Personal information
- Full name: William Halton
- Born: 19 January 1837 Yarm, Yorkshire, England
- Died: 24 April 1885 (aged 48) Blackburn, Lancashire, England
- Batting: Unknown

Domestic team information
- 1861–1862: Yorkshire

Career statistics
| Competition | First-class |
| Matches | 8 |
| Runs scored | 112 |
| Batting average | 10.18 |
| 100s/50s | 0/0 |
| Top score | 19* |
| Catches/stumpings | 4/– |
- Source: Cricinfo, 25 June 2019

= William Halton (cricketer) =

English cricketer

William Halton (19 January 1837 – 24 April 1885) was an English first-class cricketer.
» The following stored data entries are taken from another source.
theorem mainTheorem4:
  fixes V :: "'a set" and r t :: 'a and par :: "'a \<Rightarrow> 'a" and w :: "'a \<Rightarrow> real"
    and Oi Oj :: "'a set"
  assumes "ontology V r par w"
    and "t \<in> V"
    and "is_object V Oi" and "is_object V Oj"
    and "Oi \<subseteq> subtree V par t" and "Oj \<subseteq> subtree V par t"
    and "span V r par t Oi \<ge> 2" and "span V r par t Oj \<ge> 2"
  shows "davg r par w Oi Oj \<ge>
     ((\<Sum>a\<in>Oi. tdist r par w a t) + (\<Sum>b\<in>Oj. tdist r par w b t))
       / (real (card Oi) * real (card Oj))"
proof -
  note ont = assms(1)
  define D where "D x = tdist r par w x t" for x
  define m where "m x y = sum w (branch r par t x \<inter> branch r par t y)" for x y
  have below: "x \<in> subtree V par t" if "x \<in> Oi \<union> Oj" for x using that assms(5,6) by blast
  then have inV: "x \<in> V" if "x \<in> Oi \<union> Oj" for x using that by (auto simp: subtree_def)
  have dist: "tdist r par w x y = D x + D y - 2 * m x y" if "x \<in> Oi" "y \<in> Oj" for x y
    using tdist_in_subtree[OF ont below below] tdist_to_subtree_root[OF below] that
    by (simp add: D_def m_def)
  have "sum D Oi + sum D Oj \<le> (\<Sum>x\<in>Oi. \<Sum>y\<in>Oj. D x + D y - 2 * m x y)"
  proof (rule double_sum_overlap_bound)
    show "finite Oi" "finite Oj" using assms(3,4) by (auto simp: is_object_def)
    show "\<exists>y\<in>Oj. m x y = 0" for x
      using multiple_span_disjoint_branch[OF ont assms(8), of x] unfolding m_def
      by (metis sum.empty)
    show "\<exists>x\<in>Oi. m x y = 0" for y
      using multiple_span_disjoint_branch[OF ont assms(7), of y] unfolding m_def
      by (metis Int_commute sum.empty)
    show "m x y \<le> D x" if "x \<in> Oi" "y \<in> Oj" for x y
      using branch_part_le[OF ont inV] tdist_to_subtree_root[OF below] that
      by (simp add: m_def D_def)
    show "m x y \<le> D y" if "x \<in> Oi" "y \<in> Oj" for x y
      using branch_part_le[OF ont inV] tdist_to_subtree_root[OF below] that
      by (simp add: m_def D_def Int_commute)
  qed
  also have "\<dots> = (\<Sum>x\<in>Oi. \<Sum>y\<in>Oj. tdist r par w x y)"
    using dist by simp
  moreover have "real (card Oi) * real (card Oj) > 0"
    using assms(3,4) by (auto simp: is_object_def card_gt_0_iff)
  ultimately show ?thesis unfolding davg_def D_def by (simp add: divide_right_mono)
qed

end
Halton made his debut in first-class cricket for a combined Yorkshire and Durham cricket team against Nottinghamshire at Stockton-on-Tees in 1858. He made two first-class appearances in 1861 for a United England Eleven against an All England Eleven. In the same season he made his debut for Yorkshire against Surrey at Sheffield, as well as playing for a combined Yorkshire with Stockton-on-Tees cricket team against Cambridgeshire. His final three first-class appearances all came for Yorkshire in 1862. Playing in eight first-class matches, Halton scored 112 runs at an average of 10.18, with a high score of 19 not out.

Halton kept an inn in Stockton-on-Tees in the 1860s. After his first wife died, he moved with his second wife to Blackburn, where he worked as a labourer. He died of bronchitis in April 1885.